2, 4, 6, 8: Not everyone gets to participate

Many bowl games make it a requirement for the marching band and cheerleading squads to attend. The trips to Texas, the Bahamas, and so on, are sometimes a favorite part of attending a school with a winning football program that gets invited to bowl games.


A college marching band in formation (Chris Clark/iStock)

But, as the Associated Press reports, some bowl games this winter won’t have bands performing at halftime. Some won’t have cheerleaders, either.

Among this year’s record 41 bowl games, two will be played on Christmas Eve, and they’re the only two that will be played outside the contiguous 48 states: the Hawaii Bowl and the Bahamas Bowl.

Neither Cincinnati nor San Diego State plans to take its band to the Hawaii Bowl, and neither Western Michigan nor Middle Tennessee State will bring its band to the Bahamas. Both schools plan to send a partial cheerleading squad to the Bahamas, however.

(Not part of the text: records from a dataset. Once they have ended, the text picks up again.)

lemma abelian_of_order_prime_square:
  assumes p: "prime p" and ord: "order G = p ^ 2" and xy: "x \<in> carrier G" "y \<in> carrier G"
  shows "x \<otimes> y = y \<otimes> x"
proof -
  obtain i where "card (group_center G) = p ^ i" "1 \<le> i" "i \<le> 2" "i \<noteq> 1"
    using card_group_center_prime_power[OF p ord] by auto
  hence "card (group_center G) = order G" using ord by (simp add: le_Suc_eq numeral_2_eq_2)
  hence "group_center G = carrier G"
    by (rule group_center_eq_carrier[OF finite_carrier_of_prime_power_order[OF p ord]])
  thus ?thesis using xy by (auto simp: group_center_def)
qed

lemma card_group_center_of_order_prime_cube:
  assumes p: "prime p" and ord: "order G = p ^ 3"
    and xy: "x \<in> carrier G" "y \<in> carrier G" "x \<otimes> y \<noteq> y \<otimes> x"
  shows "card (group_center G) = p"
proof -
  obtain i where i: "card (group_center G) = p ^ i" "1 \<le> i" "i \<le> 3" "i \<noteq> 2"
    using card_group_center_prime_power[OF p ord] by auto
  have "i \<noteq> 3"
  proof
    assume "i = 3"
    hence "group_center G = carrier G"
      using i ord finite_carrier_of_prime_power_order[OF p ord] by (intro group_center_eq_carrier) auto
    thus False using xy by (auto simp: group_center_def)
  qed
  hence "i = 1" using i by linarith
  thus ?thesis using i by simp
qed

“We looked at maybe trying to bring a pep band and those kinds of things, but actually hotel rooms are really tight on the island,” the AP quoted Middle Tennessee athletic director Chris Massaro as saying.

In some cases, transporting the band to exotic destinations can prove to be a logistical or financial burden on the schools, but some bowl organizers reserve hotel rooms several years in advance, just to make sure they’re available for the marching band and cheer squads, considering that these groups contribute greatly to the college football game atmosphere.

“If we’re going to sign a contract three years out, they’re definitely required to come, because we’ve made a commitment to that hotel,” the news service quoted Lisa Fortenberry, pageantry director for the Cotton Bowl, as saying.

But it’s not always a downer.

Not everybody gets to go to the bowl game or travel to the Bahamas, Hawaii, or even Boise, but some student-musicians consider it a mixed blessing. Although traveling from Western Michigan to the Bahamas would have brought a much warmer holiday to the band members, some said they appreciated not having to redo their holiday plans and will enjoy staying with their families over the winter break.

College football is big, I guess, but some kids have different priorities.